翻訳はサービス業であって自分をアピールするものではない
「なんか、増田さんがこのフレーズで自分のセンスをアピールしようとしてるのは伝わってくるんですけど...」
雑誌の翻訳コンテストに応募するため、あるミステリー小説の冒頭部分を翻訳した。英語から日本語だ。
その訳文を提出する前に、Yくんという友人に見てもらった。Yくんは大学院で心理学を専攻している。彼は英語も読めるけど、あえて原文を見せなかった。原文を知らない人が私の文章をパッと見たときにどういう気持ちになるのかを知りたかったからだ。
そこで、あるフレーズについて最初に書いたことを言われた。「なんか、増田さんがこのフレーズで自分のセンスをアピールしようとしてるのは伝わってくるんですけど...」
Yくんは優しいので遠回しにそのフレーズを指摘したが、ようするに彼が言ったのは「自分の非凡さをアピールしたくて、異常な意訳をしている」ということだった。
私は衝撃を受けた。自分がそこまでイキっているということに気付いてすらなかったからだ。イキっているというのは関西の言い回しで、必要以上にいきがるというような意味である。
コンテストという場において、自分はほかの人とちがう、こんな個性的なことをやっちゃいますとアピールをすることで1歩リードしようとしていたのだ。ほかの人よりセンスがあると思ってもらいたかった。それがどれだけナンセンスなことか知らずに。

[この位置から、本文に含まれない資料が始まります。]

(* Let $f=(f_1,\dots,f_P)^\top:\mathbb{R}^N\to\mathbb{R}^P$ and $g=(g_1,\dots,g_M)^\top:\mathbb{R}^N\to\mathbb{R}^M$ satisfy: each $f_i$ is strictly convex and continuously differentiable; each $g_j$ is convex and continuously differentiable; the problem $\min\{f(x)\mid x\in\mathbb{X}\}$ with $\mathbb{X}:=\{x\mid g_j(x)\le 0,\ j=1,\dots,M\}$ is bounded; and Slater's condition holds. Let $\mathcal{P}$ be its upper image. Let $\tilde{\mathcal{P}}\subseteq\mathbb{R}^P$ be a closed and convex upper set and let $\epsilon:\mathcal{W}\to\mathbb{R}_+$ be constant, $\epsilon(w)\equiv\epsilon_0>0$. Then $\tilde{\mathcal{P}}$ is an $\epsilon(\cdot)$-inner approximation of $\mathcal{P}$ if and only if $\tilde{\mathcal{P}}\subseteq\mathcal{P}\subseteq\tilde{\mathcal{P}}-\epsilon_0\mathbf{1}$.
   Context: $\mathcal{W}:=\{w\in\mathbb{R}^P_+\mid\mathbf{1}^\top w=1\}$, $\mathbf{1}=(1,\dots,1)^\top\in\mathbb{R}^P$. Bounded: there is $y$ with $f(x)\in y+\mathbb{R}^P_+$ for all $x\in\mathbb{X}$. Slater's condition: some $\bar x$ has $g_j(\bar x)<0$ for all $j$. A weak minimizer is $x^*\in\mathbb{X}$ with no $x\in\mathbb{X}$ satisfying $f(x^* )-f(x)\in\mathbb{R}^P_{++}$; with $\mathcal{X}$ the set of weak minimizers, the upper image is $\mathcal{P}:=\operatorname{cl}(f[\mathcal{X}]+\mathbb{R}^P_+)$. An upper set is a set $A$ with $A+\mathbb{R}^P_+= A$. For $w\in\mathcal{W}$ let $G(w):=\{y\in\mathbb{R}^P\mid w^\top y\ge 0\}$. Given $\epsilon:\mathcal{W}\to\mathbb{R}_+$, a set $\tilde{\mathcal{P}}\subseteq\mathbb{R}^P$ is an $\epsilon(\cdot)$-inner approximation (of $\mathcal{P}$) if $\tilde{\mathcal{P}}\subseteq\mathcal{P}\subseteq\bigcap_{w\in\mathcal{W}}\operatorname{cl}\left[\tilde{\mathcal{P}}-\epsilon(w)\mathbf{1}+G(w)\right]$. *)

theory Defs
  imports "HOL-Analysis.Analysis"
begin

definition strictly_convex_on :: "'a::real_vector set \<Rightarrow> ('a \<Rightarrow> real) \<Rightarrow> bool" where
  "strictly_convex_on S h \<longleftrightarrow> convex S \<and>
     (\<forall>x\<in>S. \<forall>y\<in>S. \<forall>t::real. x \<noteq> y \<and> 0 < t \<and> t < 1 \<longrightarrow>
        h ((1 - t) *\<^sub>R x + t *\<^sub>R y) < (1 - t) * h x + t * h y)"

definition cont_diff :: "('a::real_normed_vector \<Rightarrow> real) \<Rightarrow> bool" where
  "cont_diff h \<longleftrightarrow> (\<exists>h'::'a \<Rightarrow> ('a \<Rightarrow>\<^sub>L real).
      (\<forall>x. (h has_derivative blinfun_apply (h' x)) (at x)) \<and> continuous_on UNIV h')"

definition nonneg_orthant :: "(real^'p) set" where
  "nonneg_orthant = {y. \<forall>i. 0 \<le> y $ i}"

definition pos_orthant :: "(real^'p) set" where
  "pos_orthant = {y. \<forall>i. 0 < y $ i}"

definition ones :: "real^'p" where
  "ones = (\<chi> i. 1)"

definition msum :: "(real^'p) set \<Rightarrow> (real^'p) set \<Rightarrow> (real^'p) set" where
  "msum A B = {a + b | a b. a \<in> A \<and> b \<in> B}"

definition weights :: "(real^'p) set" where
  "weights = {w. (\<forall>i. 0 \<le> w $ i) \<and> sum (\<lambda>i. w $ i) UNIV = 1}"

text \<open>Feasible set X = {x | g_j x \<le> 0, j = 1..M}; constraints indexed by j < M.\<close>
definition feasible :: "nat \<Rightarrow> (nat \<Rightarrow> real^'n \<Rightarrow> real) \<Rightarrow> (real^'n) set" where
  "feasible M g = {x. \<forall>j<M. g j x \<le> 0}"

definition bounded_problem :: "(real^'n \<Rightarrow> real^'p) \<Rightarrow> (real^'n) set \<Rightarrow> bool" where
  "bounded_problem f X \<longleftrightarrow> (\<exists>y. \<forall>x\<in>X. f x \<in> msum {y} nonneg_orthant)"

definition slater :: "nat \<Rightarrow> (nat \<Rightarrow> real^'n \<Rightarrow> real) \<Rightarrow> bool" where
  "slater M g \<longleftrightarrow> (\<exists>xb. \<forall>j<M. g j xb < 0)"

definition weak_minimizers :: "(real^'n \<Rightarrow> real^'p) \<Rightarrow> (real^'n) set \<Rightarrow> (real^'n) set" where
  "weak_minimizers f X = {xs \<in> X. \<not> (\<exists>x\<in>X. f xs - f x \<in> pos_orthant)}"

definition upper_image :: "(real^'n \<Rightarrow> real^'p) \<Rightarrow> (real^'n) set \<Rightarrow> (real^'p) set" where
  "upper_image f X = closure (msum (f ` weak_minimizers f X) nonneg_orthant)"

definition upper_set :: "(real^'p) set \<Rightarrow> bool" where
  "upper_set A \<longleftrightarrow> msum A nonneg_orthant = A"

definition halfspace_G :: "real^'p \<Rightarrow> (real^'p) set" where
  "halfspace_G w = {y. w \<bullet> y \<ge> 0}"

definition inner_approx :: "(real^'p) set \<Rightarrow> (real^'p) set \<Rightarrow> (real^'p \<Rightarrow> real) \<Rightarrow> bool" where
  "inner_approx Pt P eps \<longleftrightarrow> Pt \<subseteq> P \<and>
     P \<subseteq> (\<Inter>w\<in>weights. closure (msum ((\<lambda>p. p - eps w *\<^sub>R ones) ` Pt) (halfspace_G w)))"

end

theory Submission
  imports Defs
begin

text \<open>For a closed convex upper set \<open>A\<close>, every point outside \<open>A\<close> is strictly separated from it
  by a hyperplane whose normal lies in the nonnegative orthant (a negative component of the
  normal would be unbounded below along the corresponding axis inside \<open>A\<close>). Rescaled to a weight
  \<open>w\<close>, that hyperplane also separates the point from \<open>cl (A + G(w))\<close>. Hence
  \<open>A = \<Inter>\<^sub>w cl (A + G(w))\<close>, and for \<open>A = Pt - eps0 \<one>\<close> this is the claimed equivalence.\<close>

lemma upper_set_iff: "upper_set A \<longleftrightarrow> (\<forall>x\<in>A. \<forall>v\<in>nonneg_orthant. x + v \<in> A)"
proof -
  have "A \<subseteq> msum A nonneg_orthant"
    unfolding msum_def nonneg_orthant_def by (force intro: exI[of _ 0])
  then show ?thesis
    unfolding upper_set_def msum_def by blast
qed

lemma upper_set_translation:
  assumes "upper_set A"
  shows "upper_set ((+) c ` A)"
  using assms unfolding upper_set_iff by (auto simp: add.commute add.left_commute)

lemma weights_nonempty: "weights \<noteq> {}"
proof -
  have "((\<chi> i. 1 / real CARD('p)) :: real^'p) \<in> weights"
    by (simp add: weights_def)
  then show ?thesis by blast
qed

lemma nonneg_vector_eq_scaleR_weight:
  fixes a :: "real^'p"
  assumes nonneg: "\<And>i. 0 \<le> a $ i" and "a \<noteq> 0"
  obtains s w where "0 < s" "w \<in> weights" "a = s *\<^sub>R w"
proof
  define s where "s = sum (\<lambda>i. a $ i) UNIV"
  have "s \<noteq> 0"
    using assms by (auto simp: s_def sum_nonneg_eq_0_iff vec_eq_iff)
  then show "0 < s"
    using nonneg by (simp add: s_def sum_nonneg order.not_eq_order_implies_strict)
  then show "(1 / s) *\<^sub>R a \<in> weights"
    using nonneg by (simp add: weights_def s_def sum_divide_distrib[symmetric])
  show "a = s *\<^sub>R ((1 / s) *\<^sub>R a)"
    using \<open>s \<noteq> 0\<close> by simp
qed

lemma upper_set_normal_nonneg:
  assumes "upper_set A" and "x \<in> A" and above: "\<forall>x\<in>A. b < a \<bullet> x"
  shows "0 \<le> a $ i"
proof (rule ccontr)
  assume "\<not> 0 \<le> a $ i"
  then have neg: "a $ i < 0" by simp
  define t where "t = (a \<bullet> x - b) / - a $ i"
  have "0 \<le> t"
    using above \<open>x \<in> A\<close> neg unfolding t_def by (intro divide_nonneg_pos) auto
  then have "x + axis i t \<in> A"
    using assms(1,2) by (simp add: upper_set_iff nonneg_orthant_def axis_def)
  then have "b < a \<bullet> (x + axis i t)"
    using above by blast
  then have "b < a \<bullet> x + a $ i * t"
    by (simp add: inner_add_right inner_axis)
  moreover have "a $ i * t = b - a \<bullet> x"
    using neg by (simp add: t_def field_simps)
  ultimately show False by simp
qed

lemma notin_closure_msum_halfspace_G:
  assumes "w \<bullet> y < c" and "\<forall>x\<in>A. c \<le> w \<bullet> x"
  shows "y \<notin> closure (msum A (halfspace_G w))"
proof -
  have "msum A (halfspace_G w) \<subseteq> {z. c \<le> w \<bullet> z}"
    using assms(2) by (force simp: msum_def halfspace_G_def inner_add_right)
  then have "closure (msum A (halfspace_G w)) \<subseteq> {z. c \<le> w \<bullet> z}"
    by (rule closure_minimal[OF _ closed_halfspace_ge])
  then show ?thesis
    using assms(1) by auto
qed

lemma upper_set_separating_weight:
  fixes A :: "(real^'p) set"
  assumes "closed A" "convex A" "upper_set A" and "y \<notin> A"
  shows "\<exists>w\<in>weights. y \<notin> closure (msum A (halfspace_G w))"
proof (cases "A = {}")
  case True
  then show ?thesis
    using weights_nonempty by (auto simp: msum_def)
next
  case False
  then obtain x0 where "x0 \<in> A" by blast
  obtain a b where sep: "a \<bullet> y < b" "\<forall>x\<in>A. b < a \<bullet> x"
    using separating_hyperplane_closed_point[OF assms(2,1,4)] by blast
  have "0 \<le> a $ i" for i
    using upper_set_normal_nonneg[OF assms(3) \<open>x0 \<in> A\<close> sep(2)] .
  moreover have "a \<noteq> 0"
    using sep \<open>x0 \<in> A\<close> by auto
  ultimately obtain s w where "0 < s" "w \<in> weights" and a: "a = s *\<^sub>R w"
    by (rule nonneg_vector_eq_scaleR_weight)
  have "y \<notin> closure (msum A (halfspace_G w))"
  proof (rule notin_closure_msum_halfspace_G[where c = "b / s"])
    show "w \<bullet> y < b / s"
      using sep(1) \<open>0 < s\<close> by (simp add: a pos_less_divide_eq mult.commute)
    show "\<forall>x\<in>A. b / s \<le> w \<bullet> x"
      using sep(2) \<open>0 < s\<close> by (simp add: a pos_divide_le_eq mult.commute less_imp_le)
  qed
  with \<open>w \<in> weights\<close> show ?thesis by blast
qed

lemma Inter_closure_msum_halfspace_G:
  fixes A :: "(real^'p) set"
  assumes "closed A" "convex A" "upper_set A"
  shows "(\<Inter>w\<in>weights. closure (msum A (halfspace_G w))) = A"
proof
  show "(\<Inter>w\<in>weights. closure (msum A (halfspace_G w))) \<subseteq> A"
    using upper_set_separating_weight[OF assms] by blast
  have "A \<subseteq> msum A (halfspace_G w)" for w
    unfolding msum_def halfspace_G_def by (force intro: exI[of _ 0])
  then show "A \<subseteq> (\<Inter>w\<in>weights. closure (msum A (halfspace_G w)))"
    using closure_subset by blast
qed

theorem proposition4p3:
  fixes f :: "real^'n \<Rightarrow> real^'p"
    and g :: "nat \<Rightarrow> real^'n \<Rightarrow> real"
    and M :: nat
    and Pt :: "(real^'p) set"
    and eps :: "real^'p \<Rightarrow> real"
    and eps0 :: real
  assumes f_sconv: "\<And>i. strictly_convex_on UNIV (\<lambda>x. f x $ i)"
    and f_C1: "\<And>i. cont_diff (\<lambda>x. f x $ i)"
    and g_conv: "\<And>j. j < M \<Longrightarrow> convex_on UNIV (g j)"
    and g_C1: "\<And>j. j < M \<Longrightarrow> cont_diff (g j)"
    and bdd: "bounded_problem f (feasible M g)"
    and slater: "slater M g"
    and Pt_closed: "closed Pt"
    and Pt_convex: "convex Pt"
    and Pt_upper: "upper_set Pt"
    and eps0_pos: "eps0 > 0"
    and eps_const: "\<And>w. w \<in> weights \<Longrightarrow> eps w = eps0"
  shows "inner_approx Pt (upper_image f (feasible M g)) eps \<longleftrightarrow>
    (Pt \<subseteq> upper_image f (feasible M g) \<and>
     upper_image f (feasible M g) \<subseteq> (\<lambda>p. p - eps0 *\<^sub>R ones) ` Pt)"
proof -
  define A where "A = (+) (- eps0 *\<^sub>R ones) ` Pt"
  have shift: "(\<lambda>p. p - eps0 *\<^sub>R ones) ` Pt = A"
    unfolding A_def by (simp add: add.commute)
  have "closed A" "convex A" "upper_set A"
    unfolding A_def
    by (rule closed_translation[OF Pt_closed] convex_translation[OF Pt_convex]
        upper_set_translation[OF Pt_upper])+
  then have "(\<Inter>w\<in>weights. closure (msum ((\<lambda>p. p - eps w *\<^sub>R ones) ` Pt) (halfspace_G w))) = A"
    using Inter_closure_msum_halfspace_G[of A]
    by (simp add: eps_const shift cong: INF_cong)
  then show ?thesis
    by (simp add: inner_approx_def shift)
qed

end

もちろん、英文を意訳すること自体がいきがる行為で鼻に付くというわけではない。むしろ意訳したほうがわかりやすい場合もたくさんある。『Bonnie and Clyde』という映画タイトルを『俺たちに明日はない』と意訳することには意味がある。
「翻訳の役割は、英語を読めない人への橋渡しではないですか?」Yくんはこうも言った。

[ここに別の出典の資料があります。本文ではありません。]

lemma r_diff: assumes "0 \<le> s" "s \<le> t" shows "r t - r s = - integral {s..t} rho"
proof -
  have "((\<lambda>x. - rho x) has_integral (r t - r s)) {s..t}"
  proof (rule fundamental_theorem_of_calculus)
    fix x assume x: "x \<in> {s..t}"
    have "(r has_real_derivative - rho x) (at x within {s..t})"
      by (rule DERIV_subset[OF r_has_derivative]) (use x assms in auto)
    thus "(r has_vector_derivative - rho x) (at x within {s..t})"
      by (simp add: has_real_derivative_iff_has_vector_derivative)
  qed (use assms in auto)
  hence "integral {s..t} (\<lambda>x. - rho x) = r t - r s" by (rule integral_unique)
  thus ?thesis by simp
qed

lemma r_eq_integral: "0 \<le> t \<Longrightarrow> r t = 1 - integral {0..t} rho"
  using r_diff[of 0 t] r0 by simp

lemma r_antimono: assumes "0 \<le> s" "s \<le> t" shows "r t \<le> r s"
proof -
  have "rho integrable_on {s..t}"
    by (rule integrable_continuous_real, rule continuous_on_subset[OF rho_cont]) (use assms in auto)
  hence "integral {s..t} rho \<ge> 0"
    by (rule integral_nonneg) (use rho_nonneg assms in auto)
  thus ?thesis using r_diff[OF assms] by simp
qed

lemma r_le1: "0 \<le> t \<Longrightarrow> r t \<le> 1"
  using r_antimono[of 0 t] r0 by simp

definition Llam :: "real \<Rightarrow> real" where "Llam z = enn2real (laplace lam z)"
definition Lrho :: "real \<Rightarrow> real" where "Lrho z = enn2real (laplace rho z)"
definition Lr :: "real \<Rightarrow> real" where "Lr z = enn2real (laplace r z)"

lemma Llam_nonneg: "0 \<le> Llam z"
  unfolding Llam_def by simp

lemma laplace_lam: assumes "0 < z" shows "laplace lam z = ennreal (Llam z)"
proof -
  have "laplace lam z \<le> ennreal (lam 0 / z)"
    using laplace_bounded[OF lam_le_lam0 _ assms] lam_pos[of 0] by simp
  thus ?thesis unfolding Llam_def by (simp add: ennreal_enn2real_if_bounded)
qed

lemma laplace_renewal: "laplace rho z + laplace lam z * laplace rho z = laplace lam z"
proof -
  have "laplace (conv lam rho) z = laplace lam z * laplace rho z"
    by (rule laplace_conv[OF lam_cont rho_cont lam_nonneg rho_nonneg])
  moreover have "laplace rho z + laplace (conv lam rho) z = laplace lam z"
  proof (rule laplace_add[OF rho_cont continuous_on_conv[OF lam_cont rho_cont]])
    show "\<And>x. 0 \<le> x \<Longrightarrow> 0 \<le> rho x" by (rule rho_nonneg)
    show "\<And>x. 0 \<le> x \<Longrightarrow> 0 \<le> conv lam rho x" using renewal_eq rho_le_lam by simp
    show "\<And>x. 0 \<le> x \<Longrightarrow> rho x + conv lam rho x = lam x" using renewal_eq by simp
  qed
  ultimately show ?thesis by simp
qed

lemma laplace_rho:
  assumes z: "0 < z" shows "laplace rho z = ennreal (Lrho z)" and "Lrho z = Llam z / (1 + Llam z)"
proof -
  have "laplace rho z \<le> ennreal (Llam z)"
    using ennreal_le_of_add_eq[OF laplace_renewal[of z]] laplace_lam[OF z] by simp
  thus e: "laplace rho z = ennreal (Lrho z)"
    unfolding Lrho_def by (simp add: ennreal_enn2real_if_bounded)
  have "ennreal (Lrho z + Llam z * Lrho z) = ennreal (Llam z)"
    using laplace_renewal[of z] Llam_nonneg[of z] unfolding e laplace_lam[OF z]
    by (simp add: Lrho_def ennreal_mult[symmetric] ennreal_plus[symmetric] del: ennreal_plus)
  hence "Lrho z * (1 + Llam z) = Llam z"
    using Llam_nonneg[of z] by (subst (asm) ennreal_inj) (auto simp: Lrho_def algebra_simps)
  moreover have "1 + Llam z \<noteq> 0" using Llam_nonneg[of z] by linarith
  ultimately show "Lrho z = Llam z / (1 + Llam z)" by (simp add: eq_divide_eq)
qed

lemma Lrho_lt1: "0 < z \<Longrightarrow> Lrho z < 1"
  using laplace_rho(2)[of z] Llam_nonneg[of z] by simp

text \<open>Since the Laplace transform of \<open>\<rho>\<close> stays below 1 and
  \<open>exp (- z t) \<integral>\<^sub>0\<^sup>t \<rho> \<le> L\<rho>(z)\<close>, letting \<open>z \<rightarrow> 0\<close> gives \<open>\<integral>\<^sub>0\<^sup>t \<rho> \<le> 1\<close>.\<close>
lemma integral_rho_le_laplace:
  assumes z: "0 < z" and t: "0 \<le> t"
  shows "exp (- z * t) * integral {0..t} rho \<le> Lrho z"
proof -
  define I where "I = integral {0..t} rho"
  have rint: "(rho has_integral I) {0..t}" unfolding I_def
    using rho_cont by (intro integrable_integral integrable_continuous_real) (auto elim: continuous_on_subset)
  have I0: "0 \<le> I" unfolding I_def by (rule integral_nonneg) (use rint rho_nonneg in auto)
  have "(\<lambda>s. indicator {0..t} s *\<^sub>R rho s) \<in> borel_measurable borel"
    by (rule borel_measurable_continuous_on_indicator) (auto intro: continuous_on_subset[OF rho_cont])
  hence meas: "(\<lambda>s. ennreal (indicator {0..t} s * rho s)) \<in> borel_measurable lborel" by simp
  have "ennreal (exp (- z * t) * I) = ennreal (exp (- z * t)) * (\<integral>\<^sup>+ s. ennreal (indicator {0..t} s * rho s) \<partial>lborel)"
    using nn_integral_has_integral_lebesgue[OF _ rint] rho_nonneg I0 by (simp add: ennreal_mult)
  also have "\<dots> = (\<integral>\<^sup>+ s. ennreal (exp (- z * t)) * ennreal (indicator {0..t} s * rho s) \<partial>lborel)"
    using meas by (rule nn_integral_cmult[symmetric])
  also have "\<dots> \<le> laplace rho z" unfolding laplace_def
  proof (rule nn_integral_mono)
    fix s
    show "ennreal (exp (- z * t)) * ennreal (indicator {0..t} s * rho s) \<le> ennreal (exp (- z * s) * extend0 rho s)"
    proof (cases "s \<in> {0..t}")
      case True
      hence "exp (- z * t) * rho s \<le> exp (- z * s) * rho s"
        using z rho_nonneg[of s] by (intro mult_right_mono) auto
      thus ?thesis using True rho_nonneg[of s] by (simp add: extend0_def ennreal_mult[symmetric] ennreal_leI)
    qed simp
  qed
  finally show ?thesis
    unfolding laplace_rho(1)[OF z] I_def using Lrho_lt1[OF z] by (simp add: Lrho_def)
qed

私は、自分がどれだけナルシストになっていたのか痛感した。色んな言葉を知っているとか、言い回しが奇麗とか、おしゃれな外来語を操れるとか、そんなことはどうでもいいのだ。
翻訳コンテスト用の文章だけでなく、自分がこれまでに書いてきた文章すべてを反省した。『俺たちに明日はない』でいうなら、元のタイトルだとどんな話なのかわからないという人に向けて意訳されている。翻訳はサービス業なのだ。
もっと言うなら、文章を相手に届けること自体にサービス精神が不可欠だ。
私はこれからもたくさんの文章を書くと思う。このnoteもそうだし、履歴書、メール、LINE、手紙...そこでも、自分をアピールする文章ではなく、相手のためになる文章を書けるようになりたい。